Exercise:
The response must contain every line below in which "unfolding" appears.

Supplied information below:

lemma kappa_nonneg: "0 \<le> \<kappa>"
proof (rule tendsto_lowerbound[OF rate_tendsto])
  show "\<forall>\<^sub>F x in at_top. 0 \<le> (x * g' x - g x) / x"
    using eventually_ge_at_top[of X0] by eventually_elim (use rate_nonneg X0 in auto)
qed simp

lemma eventually_rate_close:
  assumes "0 < \<epsilon>"
  obtains X where "X0 \<le> X" "\<And>u. X \<le> u \<Longrightarrow> \<bar>(u * g' u - g u) / u - \<kappa>\<bar> \<le> \<epsilon>"
proof -
  have "\<forall>\<^sub>F u in at_top. dist ((u * g' u - g u) / u) \<kappa> < \<epsilon>"
    using rate_tendsto assms by (rule tendstoD)
  then obtain X where "\<And>u. X \<le> u \<Longrightarrow> dist ((u * g' u - g u) / u) \<kappa> < \<epsilon>"
    by (auto simp: eventually_at_top_linorder)
  then show ?thesis
    by (intro that[of "max X X0"]) (auto simp: dist_real_def less_imp_le)
qed

lemma ln_q_diff_bounds:
  assumes X: "X0 \<le> X" "\<And>u. X \<le> u \<Longrightarrow> \<bar>(u * g' u - g u) / u - \<kappa>\<bar> \<le> \<epsilon>"
    and ab: "X \<le> a" "a \<le> b"
  shows "(\<kappa> - \<epsilon>) * travel_time g a b \<le> ln (q b) - ln (q a)"
    "ln (q b) - ln (q a) \<le> (\<kappa> + \<epsilon>) * travel_time g a b"
proof -
  have r: "\<kappa> - \<epsilon> \<le> (u * g' u - g u) / u \<and> (u * g' u - g u) / u \<le> \<kappa> + \<epsilon>" if "u \<in> {a..b}" for u
    using X(2)[of u] that ab by (auto simp: abs_le_iff)
  show "(\<kappa> - \<epsilon>) * travel_time g a b \<le> ln (q b) - ln (q a)"
    "ln (q b) - ln (q a) \<le> (\<kappa> + \<epsilon>) * travel_time g a b"
    using ln_q_diff_travel_time_bounds[OF g_continuous g_pos X0 deriv _ _ r] X ab by auto
qed

text \<open>Were the travel time bounded by \<open>T\<close>, \<open>q\<close> would stay below \<open>C = q(X\<^sub>1) e\<^bsup>(\<kappa>+1)T\<^esup>\<close>, yet reaching
  \<open>X\<^sub>1 e\<^bsup>CT+1\<^esup>\<close> takes longer than \<open>T\<close>.\<close>
lemma unbounded: "travel_time_unbounded g"
  unfolding travel_time_unbounded_def
proof (intro allI impI)
  fix x T :: real assume x: "1 < x"
  show "\<exists>y\<ge>x. T \<le> travel_time g x y"
  proof (rule ccontr)
    assume "\<not> ?thesis"
    then have lt: "\<And>y. x \<le> y \<Longrightarrow> travel_time g x y < T" by force
    have T: "0 < T" using lt[of x] by (simp add: travel_time_def)
    obtain X where X: "X0 \<le> X" "\<And>u. X \<le> u \<Longrightarrow> \<bar>(u * g' u - g u) / u - \<kappa>\<bar> \<le> 1"
      using eventually_rate_close[of 1] by auto
    define X1 where "X1 = max X x"
    have X1: "X \<le> X1" "x \<le> X1" "1 < X1" using X0 X x by (auto simp: X1_def)
    define C where "C = q X1 * exp ((\<kappa> + 1) * T)"
    have time: "travel_time g X1 y \<le> T" if "X1 \<le> y" for y
      using travel_time_add[OF g_continuous g_pos x X1(2) that] travel_time_nonneg[OF g_continuous g_pos x, of X1]
        lt[of y] that X1 by auto
    have q_le: "q y \<le> C" if y: "X1 \<le> y" for y
    proof -
      have "ln (q y) - ln (q X1) \<le> (\<kappa> + 1) * travel_time g X1 y"
        using ln_q_diff_bounds(2)[OF X X1(1) y] .
      also have "\<dots> \<le> (\<kappa> + 1) * T" using time[OF y] kappa_nonneg by (intro mult_left_mono) auto
      finally have "exp (ln (q y)) \<le> exp (ln (q X1) + (\<kappa> + 1) * T)" by simp
      then show ?thesis using q_pos[of y] q_pos[of X1] y X1 by (simp add: C_def exp_add)
    qed
    have C: "0 < C" using g_pos[of X1] X1 by (simp add: C_def)
    define y where "y = X1 * exp (C * T + 1)"
    have y: "X1 \<le> y" using X1 C T by (simp add: y_def)
    have "C * T + 1 = ln y - ln X1" using X1 by (simp add: y_def ln_mult)
    also have "\<dots> \<le> q y * travel_time g X1 y"
      using ln_diff_travel_time_bounds(2)[OF g_continuous g_pos q_mono X1(3) y] .
    also have "\<dots> \<le> C * T"
      using q_le[OF y] time[OF y] travel_time_nonneg[OF g_continuous g_pos X1(3), of y] C
      by (intro mult_mono) auto
    finally show False by simp
  qed
qed

lemma eventually_travel_time_ge:
  assumes x: "1 < x"
  obtains Y where "x \<le> Y" "\<And>y. Y \<le> y \<Longrightarrow> T \<le> travel_time g x y"
proof -
  obtain Y where Y: "x \<le> Y" "T \<le> travel_time g x Y"
    using unbounded x unfolding travel_time_unbounded_def by blast
  have "T \<le> travel_time g x y" if "Y \<le> y" for y
    using travel_time_add[OF g_continuous g_pos x Y(1) that] travel_time_nonneg[OF g_continuous g_pos, of Y y] Y x
    by auto
  then show ?thesis using Y that by blast
qed

lemma q_wfun_le:
  assumes X: "X0 \<le> X" "\<And>u. X \<le> u \<Longrightarrow> \<bar>(u * g' u - g u) / u - \<kappa>\<bar> \<le> 1"
    and x: "X \<le> x" and t: "0 \<le> t"
  shows "q (wfun g x t) \<le> q x * exp ((\<kappa> + 1) * t)"
proof -
  have x1: "1 < x" using x X X0 by auto
  note w = wfun_ge_and_travel_time[OF g_continuous g_pos unbounded x1 t]
  have "ln (q (wfun g x t)) - ln (q x) \<le> (\<kappa> + 1) * t"
    using ln_q_diff_bounds(2)[OF X x w(1)] w(2) by simp
  then have "exp (ln (q (wfun g x t))) \<le> exp (ln (q x) + (\<kappa> + 1) * t)" by simp
  then show ?thesis using q_pos[of x] q_pos[of "wfun g x t"] x1 w(1) by (simp add: exp_add)
qed

lemma kappa_div_q_tendsto: "((\<lambda>x. \<kappa> / q x) \<longlongrightarrow> 0) at_top"
proof (cases "\<kappa> = 0")
  case False
  then have \<kappa>: "0 < \<kappa>" using kappa_nonneg by simp
  obtain X where X: "X0 \<le> X" "\<And>u. X \<le> u \<Longrightarrow> \<bar>(u * g' u - g u) / u - \<kappa>\<bar> \<le> \<kappa> / 2"
    using eventually_rate_close[of "\<kappa> / 2"] \<kappa> by auto
  have X1: "1 < X" using X X0 by auto
  have "filterlim q at_top at_top"
    unfolding filterlim_at_top
  proof
    fix Z :: real
    obtain Y where Y: "X \<le> Y" "\<And>y. Y \<le> y \<Longrightarrow> 2 / \<kappa> * \<bar>ln (max Z 1) - ln (q X)\<bar> \<le> travel_time g X y"
      using eventually_travel_time_ge[OF X1] by blast
    show "\<forall>\<^sub>F y in at_top. Z \<le> q y"
      using eventually_ge_at_top[of Y]
    proof eventually_elim
      case (elim y)
      have "\<kappa> / 2 * travel_time g X y \<le> ln (q y) - ln (q X)"
        using ln_q_diff_bounds(1)[OF X order_refl, of y] Y elim by auto
      moreover have "\<bar>ln (max Z 1) - ln (q X)\<bar> \<le> \<kappa> / 2 * travel_time g X y"
        using mult_left_mono[OF Y(2)[OF elim], of "\<kappa> / 2"] \<kappa> by simp
      ultimately have "ln (max Z 1) \<le> ln (q y)" by linarith
      then show ?case using q_pos[of y] Y elim X1 by (subst (asm) ln_le_cancel_iff) auto
    qed
  qed
  then show ?thesis by (intro tendsto_divide_0[OF tendsto_const] filterlim_at_top_imp_at_infinity)
qed simp

lemma wfun_pos: "1 \<le> x \<Longrightarrow> 0 \<le> t \<Longrightarrow> 0 < wfun g x t"
  using wfun_ge_and_travel_time(1)[OF g_continuous g_pos unbounded, of x t]
  by (cases "x = 1") (auto simp: wfun_def)

lemma ln_q_wfun_tendsto:
  assumes t: "0 \<le> t"
  shows "((\<lambda>x. ln (q (wfun g x t)) - ln (q x)) \<longlongrightarrow> \<kappa> * t) at_top"
  unfolding tendsto_iff
proof (intro allI impI)
  fix \<eta> :: real assume \<eta>: "0 < \<eta>"
  define \<epsilon> where "\<epsilon> = \<eta> / (t + 1)"
  have \<epsilon>: "0 < \<epsilon>" "\<epsilon> * t < \<eta>"
    using \<eta> t by (auto simp: \<epsilon>_def field_simps)
  obtain X where X: "X0 \<le> X" "\<And>u. X \<le> u \<Longrightarrow> \<bar>(u * g' u - g u) / u - \<kappa>\<bar> \<le> \<epsilon>"
    using eventually_rate_close[OF \<epsilon>(1)] by blast
  show "\<forall>\<^sub>F x in at_top. dist (ln (q (wfun g x t)) - ln (q x)) (\<kappa> * t) < \<eta>"
    using eventually_ge_at_top[of X]
  proof eventually_elim
    case (elim x)
    then have x: "1 < x" using X X0 by auto
    note w = wfun_ge_and_travel_time[OF g_continuous g_pos unbounded x t]
    have "\<bar>ln (q (wfun g x t)) - ln (q x) - \<kappa> * t\<bar> \<le> \<epsilon> * t"
      using ln_q_diff_bounds[OF X elim w(1)] w(2) by (simp add: abs_le_iff algebra_simps)
    then show ?case using \<epsilon> by (simp add: dist_real_def)
  qed
qed

lemma ln_q_scale_bounds:
  assumes X: "X0 \<le> X" "\<And>u. X \<le> u \<Longrightarrow> \<bar>(u * g' u - g u) / u - \<kappa>\<bar> \<le> \<epsilon>" and \<epsilon>: "0 \<le> \<epsilon>"
    and l: "1 \<le> l" and x: "X \<le> x" "2 \<le> x"
  shows "0 \<le> ln (q (l * x)) - ln (q x)"
    "ln (q (l * x)) - ln (q x) \<le> \<kappa> / q x * ln l + \<epsilon> * ln l / q 2"
proof -
  have x1: "1 < x" and lx: "x \<le> l * x" using x l by auto
  define I where "I = travel_time g x (l * x)"
  have "q x * I \<le> ln l"
    using ln_diff_travel_time_bounds(1)[OF g_continuous g_pos q_mono x1 lx] l x1
    by (simp add: I_def ln_mult)
  then have I: "I \<le> ln l / q x"
    by (simp only: pos_le_divide_eq[OF q_pos[OF x1]] mult.commute)
  show "0 \<le> ln (q (l * x)) - ln (q x)"
    using mono_onD[OF q_mono, of x "l * x"] q_pos[OF x1] lx x1 by auto
  have "ln (q (l * x)) - ln (q x) \<le> (\<kappa> + \<epsilon>) * I"
    unfolding I_def by (rule ln_q_diff_bounds(2)[OF X x(1) lx])
  also have "\<dots> \<le> (\<kappa> + \<epsilon>) * (ln l / q x)"
    using I kappa_nonneg \<epsilon> by (intro mult_left_mono) auto
  also have "\<dots> = \<kappa> / q x * ln l + \<epsilon> * ln l / q x" by (simp add: algebra_simps add_divide_distrib)
  also have "\<dots> \<le> \<kappa> / q x * ln l + \<epsilon> * ln l / q 2"
    using q_pos[of 2] q_pos[OF x1] \<epsilon> l
    by (intro add_left_mono divide_left_mono[OF q_ge_q2[OF x(2)]] mult_pos_pos mult_nonneg_nonneg) auto
  finally show "ln (q (l * x)) - ln (q x) \<le> \<kappa> / q x * ln l + \<epsilon> * ln l / q 2" .
qed

lemma ln_q_scale_tendsto:
  assumes l: "1 \<le> l"
  shows "((\<lambda>x. ln (q (l * x)) - ln (q x)) \<longlongrightarrow> 0) at_top"
  unfolding tendsto_iff
proof (intro allI impI)
  fix \<eta> :: real assume \<eta>: "0 < \<eta>"
  have ln_l: "0 \<le> ln l" using l by simp
  have q2: "0 < q 2" using q_pos[of 2] by simp
  define \<epsilon> where "\<epsilon> = \<eta> / 2 * q 2 / (ln l + 1)"
  have \<epsilon>: "0 < \<epsilon>" using \<eta> q2 ln_l by (simp add: \<epsilon>_def)
  have "\<epsilon> * (ln l + 1) = \<eta> / 2 * q 2"
    using ln_l unfolding \<epsilon>_def by (simp add: field_simps add_nonneg_pos)
  then have "\<epsilon> * ln l < \<eta> / 2 * q 2"
    using \<epsilon> unfolding distrib_left mult_1_right by linarith
  then have \<epsilon>_small: "\<epsilon> * ln l / q 2 < \<eta> / 2"
    using q2 by (simp add: divide_less_eq)
  obtain X where X: "X0 \<le> X" "\<And>u. X \<le> u \<Longrightarrow> \<bar>(u * g' u - g u) / u - \<kappa>\<bar> \<le> \<epsilon>"
    using eventually_rate_close[OF \<epsilon>] by blast
  have "((\<lambda>x. \<kappa> / q x * ln l) \<longlongrightarrow> 0 * ln l) at_top"
    by (intro tendsto_mult kappa_div_q_tendsto tendsto_const)
  then have "\<forall>\<^sub>F x in at_top. \<kappa> / q x * ln l < \<eta> / 2"
    using \<eta> by (intro order_tendstoD(2)) auto
  then show "\<forall>\<^sub>F x in at_top. dist (ln (q (l * x)) - ln (q x)) 0 < \<eta>"
    using eventually_ge_at_top[of "max X 2"]
  proof eventually_elim
    case (elim x)
    then have x: "X \<le> x" "2 \<le> x" by auto
    note bounds = ln_q_scale_bounds[OF X less_imp_le[OF \<epsilon>] l x]
    then have "ln (q (l * x)) - ln (q x) < \<eta>" using elim(1) \<epsilon>_small by linarith
    then show ?case using bounds(1) by (simp add: dist_real_def)
  qed
qed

End of Supplied information.

Response box:
  unfolding travel_time_unbounded_def
    using unbounded x unfolding travel_time_unbounded_def by blast
    unfolding filterlim_at_top
  unfolding tendsto_iff
    unfolding I_def by (rule ln_q_diff_bounds(2)[OF X x(1) lx])
  unfolding tendsto_iff
    using ln_l unfolding \<epsilon>_def by (simp add: field_simps add_nonneg_pos)
    using \<epsilon> unfolding distrib_left mult_1_right by linarith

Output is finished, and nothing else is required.